Am I liable for my husband’s $60,000 car loan if he dies?


Dear Benny,


I am happily married (25 years old) and retired for medical reasons (I am 58). My husband makes good money. We meet all of our basic needs, but his retirement is severely underfunded.

We’ve had to get out of debt recently and have been reduced to one credit card with no interest and we still owe about $18,000. Our house will be paid off in about four years, and I send in an extra $300 each month.

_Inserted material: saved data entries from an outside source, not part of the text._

(* Let $(\Sigma_+,\Sigma_-,N_1,N_2,N_3)$ be a solution of the Wainwright–Hsu system satisfying the constraint, with $N_1=0$, $N_2,N_3>0$, and $\Sigma_-^2+(N_2-N_3)^2>0$. Then there is $n_0\in(0,\infty)$ such that $\lim_{\tau\to\infty}N_2(\tau)=\lim_{\tau\to\infty}N_3(\tau)=n_0$.
   Context: Wainwright–Hsu system: for functions $N_1,N_2,N_3,\Sigma_+,\Sigma_-$ of $\tau\in\mathbb{R}$ (prime denotes $d/d\tau$), $N_1'=(q-4\Sigma_+)N_1$, $N_2'=(q+2\Sigma_++2\sqrt3\Sigma_-)N_2$, $N_3'=(q+2\Sigma_+-2\sqrt3\Sigma_-)N_3$, $\Sigma_+'=-(2-q)\Sigma_+-3S_+$, $\Sigma_-'=-(2-q)\Sigma_--3S_-$, where $q=2(\Sigma_+^2+\Sigma_-^2)$, $S_+=\frac12[(N_2-N_3)^2-N_1(2N_1-N_2-N_3)]$, $S_-=\frac{\sqrt3}{2}(N_3-N_2)(N_1-N_2-N_3)$, together with the constraint $\Sigma_+^2+\Sigma_-^2+\frac34[N_1^2+N_2^2+N_3^2-2(N_1N_2+N_2N_3+N_1N_3)]=1$. Solutions exist for all $\tau\in\mathbb{R}$; the condition $\Sigma_-^2+(N_2-N_3)^2>0$ is preserved by the flow. *)

theory Defs
  imports "HOL-Analysis.Analysis"
begin

definition wh_q :: "real \<Rightarrow> real \<Rightarrow> real" where
  "wh_q sp sm = 2 * (sp^2 + sm^2)"

definition wh_Splus :: "real \<Rightarrow> real \<Rightarrow> real \<Rightarrow> real" where
  "wh_Splus n1 n2 n3 = (1/2) * ((n2 - n3)^2 - n1 * (2*n1 - n2 - n3))"

definition wh_Sminus :: "real \<Rightarrow> real \<Rightarrow> real \<Rightarrow> real" where
  "wh_Sminus n1 n2 n3 = (sqrt 3 / 2) * (n3 - n2) * (n1 - n2 - n3)"

definition WH_solution ::
  "(real \<Rightarrow> real) \<Rightarrow> (real \<Rightarrow> real) \<Rightarrow> (real \<Rightarrow> real) \<Rightarrow> (real \<Rightarrow> real) \<Rightarrow> (real \<Rightarrow> real) \<Rightarrow> bool" where
  "WH_solution N1 N2 N3 Sp Sm \<longleftrightarrow> (\<forall>t::real.
     let q = wh_q (Sp t) (Sm t);
         SP = wh_Splus (N1 t) (N2 t) (N3 t);
         SM = wh_Sminus (N1 t) (N2 t) (N3 t) in
     (N1 has_real_derivative ((q - 4 * Sp t) * N1 t)) (at t) \<and>
     (N2 has_real_derivative ((q + 2 * Sp t + 2 * sqrt 3 * Sm t) * N2 t)) (at t) \<and>
     (N3 has_real_derivative ((q + 2 * Sp t - 2 * sqrt 3 * Sm t) * N3 t)) (at t) \<and>
     (Sp has_real_derivative (- (2 - q) * Sp t - 3 * SP)) (at t) \<and>
     (Sm has_real_derivative (- (2 - q) * Sm t - 3 * SM)) (at t) \<and>
     (Sp t)^2 + (Sm t)^2 + (3/4) * ((N1 t)^2 + (N2 t)^2 + (N3 t)^2
        - 2 * (N1 t * N2 t + N2 t * N3 t + N1 t * N3 t)) = 1)"

end

(* Write D = N2 - N3 and S = N2 + N3. On N1 = 0 the constraint reads
   Sp^2 + Sm^2 + 3/4 D^2 = 1, so Sp' = -3/2 D^2 (1 + Sp) <= 0, and
   M = ln (N2 N3) - Sm D / (sqrt 3 S) is nondecreasing. Hence N2 N3 stays bounded below,
   which eventually forces S^2 >= 4/3 (1 + Sp); from then on
   G = (1 + Sm D / (2 sqrt 3 S)) / (1 + Sp), which is comparable to 1 / (1 + Sp),
   grows at least linearly. So 1 + Sp -> 0, and with it Sm -> 0 and D -> 0.
   Since M' = O((1 + Sp)^2) = O(1 / G^2) while G' is bounded below, M + K / G is eventually
   nonincreasing for a suitable K, so M is bounded, hence convergent. Then ln (N2 N3)
   converges and N2, N3 tend to a common positive limit. *)

theory Submission
  imports Defs
begin

lemma wh_constraint_bounds:
  fixes x y D :: real
  assumes "x^2 + y^2 + 3/4 * D^2 = 1"
  shows "y^2 \<le> 2 * (1 + x)" "D^2 \<le> 8/3 * (1 + x)" "\<bar>x\<bar> \<le> 1"
proof -
  have "x^2 \<le> 1" using assms zero_le_power2[of y] zero_le_power2[of D] by linarith
  then show "\<bar>x\<bar> \<le> 1" by (simp add: abs_square_le_1)
  have "2 * (1 + x) - y^2 = (1 + x)^2 + 3/4 * D^2"
    using assms by (simp add: power2_eq_square algebra_simps)
  then show "y^2 \<le> 2 * (1 + x)"
    using zero_le_power2[of "1 + x"] zero_le_power2[of D] by linarith
  have "8/3 * (1 + x) - D^2 = 4/3 * (1 + x)^2 + 4/3 * y^2"
    using assms by (simp add: power2_eq_square algebra_simps)
  then show "D^2 \<le> 8/3 * (1 + x)"
    using zero_le_power2[of "1 + x"] zero_le_power2[of y] by linarith
qed
definition unitary_of_dim :: "nat \<Rightarrow> complex mat \<Rightarrow> bool" where
  "unitary_of_dim d U \<longleftrightarrow> U \<in> carrier_mat d d \<and> U * mat_adjoint U = 1\<^sub>m d"

text \<open>Query operator O_x : |i,b,z> \<mapsto> |i, b xor x_i, z>.\<close>
definition query_op :: "nat \<Rightarrow> nat \<Rightarrow> bool list \<Rightarrow> complex mat" where
  "query_op n m x = mat (qdim n m) (qdim n m) (\<lambda>(r, c).
     let i = c mod n; b = (c div n) mod 2; z = c div (2 * n);
         b' = (if x ! i then 1 - b else b)
     in if r = i + n * (b' + 2 * z) then 1 else 0)"

text \<open>An algorithm is given by a workspace size m and the list of unitaries
  [U_0, ..., U_T]; it computes U_T O_x ... O_x U_1 O_x U_0 |0>.\<close>
fun final_state :: "nat \<Rightarrow> nat \<Rightarrow> complex mat list \<Rightarrow> bool list \<Rightarrow> complex vec" where
  "final_state n m [] x = unit_vec (qdim n m) 0"
| "final_state n m (U # Us) x =
     foldl (\<lambda>v V. V *\<^sub>v (query_op n m x *\<^sub>v v)) (U *\<^sub>v unit_vec (qdim n m) 0) Us"

definition num_queries :: "complex mat list \<Rightarrow> nat" where
  "num_queries Us = length Us - 1"

definition valid_alg :: "nat \<Rightarrow> nat \<Rightarrow> complex mat list \<Rightarrow> bool" where
  "valid_alg n m Us \<longleftrightarrow> m \<ge> 1 \<and> Us \<noteq> [] \<and> (\<forall>U\<in>set Us. unitary_of_dim (qdim n m) U)"

definition prob_output :: "nat \<Rightarrow> nat \<Rightarrow> complex mat list \<Rightarrow> bool list \<Rightarrow> bool \<Rightarrow> real" where
  "prob_output n m Us x c =
     (\<Sum>r<qdim n m. if ((r div n) mod 2 = 1) = c
                      then (cmod (final_state n m Us x $ r))\<^sup>2 else 0)"

definition inputs :: "nat \<Rightarrow> bool list set" where
  "inputs n = {x. length x = n}"

definition hamming_weight :: "bool list \<Rightarrow> nat" where
  "hamming_weight x = length (filter id x)"

definition success_prob :: "nat \<Rightarrow> (bool list \<Rightarrow> bool) \<Rightarrow> nat \<Rightarrow> complex mat list \<Rightarrow> real" where
  "success_prob n f m Us = Min ((\<lambda>x. prob_output n m Us x (f x)) ` inputs n)"

definition bias :: "nat \<Rightarrow> (bool list \<Rightarrow> bool) \<Rightarrow> nat \<Rightarrow> complex mat list \<Rightarrow> real" where
  "bias n f m Us = success_prob n f m Us - 1/2"

definition wu_cost :: "nat \<Rightarrow> (bool list \<Rightarrow> bool) \<Rightarrow> nat \<Rightarrow> complex mat list \<Rightarrow> real" where
  "wu_cost n f m Us = real (num_queries Us) + log 2 (1 / (2 * bias n f m Us))"

definition WUQ :: "nat \<Rightarrow> (bool list \<Rightarrow> bool) \<Rightarrow> real" where
  "WUQ n f = Inf {wu_cost n f m Us | m Us. valid_alg n m Us \<and> bias n f m Us > 0}"

definition symmetric_fun :: "nat \<Rightarrow> (bool list \<Rightarrow> bool) \<Rightarrow> bool" where
  "symmetric_fun n f \<longleftrightarrow> (\<forall>x\<in>inputs n. \<forall>y\<in>inputs n.
      hamming_weight x = hamming_weight y \<longrightarrow> f x = f y)"

definition nonconstant_fun :: "nat \<Rightarrow> (bool list \<Rightarrow> bool) \<Rightarrow> bool" where
  "nonconstant_fun n f \<longleftrightarrow> (\<exists>x\<in>inputs n. \<exists>y\<in>inputs n. f x \<noteq> f y)"

end

theory Submission
  imports Defs "HOL-Analysis.L2_Norm"
begin

text \<open>
  A nonconstant symmetric function changes value between some weights \<open>k\<close> and \<open>k + 1\<close>, so it
  has an input \<open>y\<close> with a set \<open>S\<close> of at least \<open>n / 2\<close> sensitive bits. Let an algorithm make
  \<open>T\<close> queries with bias \<open>\<beta>\<close>. Since it separates \<open>f y\<close> from \<open>f y\<^sup>i\<close> (\<open>y\<close> with bit \<open>i\<close> flipped), the
  final states on \<open>y\<close> and \<open>y\<^sup>i\<close> are at distance at least \<open>\<beta>\<close>; by the hybrid argument this
  distance is at most \<open>2 \<Sum>\<^sub>t \<parallel>P\<^sub>i \<psi>\<^sub>t\<parallel>\<close>, where \<open>\<psi>\<^sub>t\<close> is the state on \<open>y\<close> before query \<open>t\<close> and \<open>P\<^sub>i\<close>
  projects onto queries to \<open>i\<close>. Summing over \<open>i \<in> S\<close> and using Cauchy--Schwarz,
  \<open>\<Sum>\<^sub>i\<^sub>\<in>\<^sub>S \<parallel>P\<^sub>i \<psi>\<^sub>t\<parallel> \<le> \<surd>|S|\<close>, gives \<open>\<beta> \<surd>(n/2) \<le> 2T\<close>, hence
  \<open>T + log (1/(2\<beta>)) \<ge> \<onehalf> log n - 3\<close> because \<open>log T \<le> T\<close>. As \<open>WUQ\<close> is an infimum, a witness is
  also needed: a reversible counting algorithm computes every symmetric function exactly.
\<close>

definition basis_index :: "nat \<Rightarrow> nat \<Rightarrow> nat \<Rightarrow> nat \<Rightarrow> nat" where
  "basis_index n i b z = i + n * (b + 2 * z)"

lemma basis_index_decomp: "basis_index n (c mod n) (c div n mod 2) (c div (2 * n)) = c"
proof -
  have "c div n = c div n mod 2 + 2 * (c div (2 * n))"
    by (simp add: div_mult2_eq mult.commute)
  then show ?thesis unfolding basis_index_def by (metis mod_mult_div_eq)
qed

My husband is very willing to get an expensive new car that costs about 60 thousand dollars. I can’t talk to him about it, though I tried! He’s fine in business until he’s 70 and will be using his old car as a down payment and won’t pay any extra money.

I’m worried if something happens to him before he pays for the new car. If he dies and I am not co-signer, will that protect me? I don’t want the car, and I don’t want the hassle of trying to sell it if it passes. I’m also worried about him not passing but he needs a long term facility or nursing home.

How do I protect myself for my future? He has many health problems, but so do I.

-Mrs. M.

Robin Hartell
Robin Hartell [ The Penny Hoarder ]

Dear Mrs. M.

Your spouse may be approaching retirement age, but he needs to be really older. A $60,000 car is something you buy when your retirement accounts are lavish and you have little to no debt. But I know I’m preaching to the choir.

To answer your question: The effect on you depends largely on the state in which you live. If you live in one of the 41 states that follow common-law property rules, you will not be liable for the debt as long as your name is not on the loan. But in the other nine states that follow community property rules—Arizona, California, Idaho, Louisiana, Nevada, New Mexico, Texas, Washington, and Wisconsin—each spouse is equally responsible for any debt incurred during the marriage.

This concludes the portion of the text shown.